WORK INSTRUCTIONS: The job is to find each line in the entries holding the string "have" and copy that line.

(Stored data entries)

lemma translation_step:
  assumes covered: "covered_mod mixed_sum slice_sum (n * n)"
    and b: "b \<in> slice" and b0: "b0 \<in> slice" and l: "l \<in> {1..k} - {i}" and a: "a \<in> A"
  obtains b' where "b' \<in> slice"
    and "n dvd (lam l div n) * (a - b0) + lam i * ((b - r) div n - (b' - r) div n)"
proof -
  define c where "c = (\<lambda>l'. if l' = i then b else b0)"
  define x where "x = (\<Sum>l'=1..k. lam l' * (c(l := a)) l')"
  have x_eq: "x = (\<Sum>l'=1..k. lam l' * c l') + lam l * (a - b0)"
    unfolding x_def using sum_update_slot[of "{1..k}" l lam c a] l by (simp add: c_def)
  have "x \<in> mixed_sum"
    unfolding x_def msum_dilate_mem using a b b0 l by (intro exI[of _ "c(l := a)"]) (auto simp: c_def)
  then obtain t where t: "t \<in> slice_sum" and xt: "[x = t] (mod n * n)"
    using covered unfolding covered_mod_def by blast
  then obtain c' where c': "\<forall>l'\<in>{1..k}. c' l' \<in> slice" and t_eq: "t = (\<Sum>l'=1..k. lam l' * c' l')"
    unfolding msum_dilate_mem by blast
  have "[(\<Sum>l'=1..k. lam l' * c l') = t + lam i * (b - c' i)] (mod n * n)"
    unfolding t_eq using sum_cong_mod_square[of "{1..k}" i n lam c c'] i_range c' b0
    by (auto simp: c_def n_dvd_lam slice_dvd)
  then have "[x = t + lam i * (b - c' i) + lam l * (a - b0)] (mod n * n)"
    unfolding x_eq by (rule cong_add[OF _ cong_refl])
  with xt have "[t + lam i * (b - c' i) + lam l * (a - b0) = t] (mod n * n)"
    using cong_sym cong_trans by blast
  then have sq_dvd: "n * n dvd lam l * (a - b0) + lam i * (b - c' i)"
    by (simp add: cong_iff_dvd_diff algebra_simps)
  have c'_i: "c' i \<in> slice" using c' i_range by blast
  define \<beta> \<beta>' where "\<beta> = (b - r) div n" and "\<beta>' = (c' i - r) div n"
  have "lam l = n * (lam l div n)" using n_dvd_lam[OF l] by simp
  moreover have "b = r + n * \<beta>" "c' i = r + n * \<beta>'"
    unfolding \<beta>_def \<beta>'_def using slice_decomp[OF b] slice_decomp[OF c'_i] by simp_all
  ultimately have "lam l * (a - b0) + lam i * (b - c' i) = n * ((lam l div n) * (a - b0) + lam i * (\<beta> - \<beta>'))"
    by (simp add: algebra_simps)
  with sq_dvd n_pos have "n dvd (lam l div n) * (a - b0) + lam i * (\<beta> - \<beta>')"
    by simp
  with c'_i show ?thesis unfolding \<beta>_def \<beta>'_def by (rule that)
qed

WRITTEN RESPONSE:
  have x_eq: "x = (\<Sum>l'=1..k. lam l' * c l') + lam l * (a - b0)"
  have "x \<in> mixed_sum"
  have "[(\<Sum>l'=1..k. lam l' * c l') = t + lam i * (b - c' i)] (mod n * n)"
  then have "[x = t + lam i * (b - c' i) + lam l * (a - b0)] (mod n * n)"
  with xt have "[t + lam i * (b - c' i) + lam l * (a - b0) = t] (mod n * n)"
  then have sq_dvd: "n * n dvd lam l * (a - b0) + lam i * (b - c' i)"
  have c'_i: "c' i \<in> slice" using c' i_range by blast
  have "lam l = n * (lam l div n)" using n_dvd_lam[OF l] by simp
  moreover have "b = r + n * \<beta>" "c' i = r + n * \<beta>'"
  ultimately have "lam l * (a - b0) + lam i * (b - c' i) = n * ((lam l div n) * (a - b0) + lam i * (\<beta> - \<beta>'))"
  with sq_dvd n_pos have "n dvd (lam l div n) * (a - b0) + lam i * (\<beta> - \<beta>')"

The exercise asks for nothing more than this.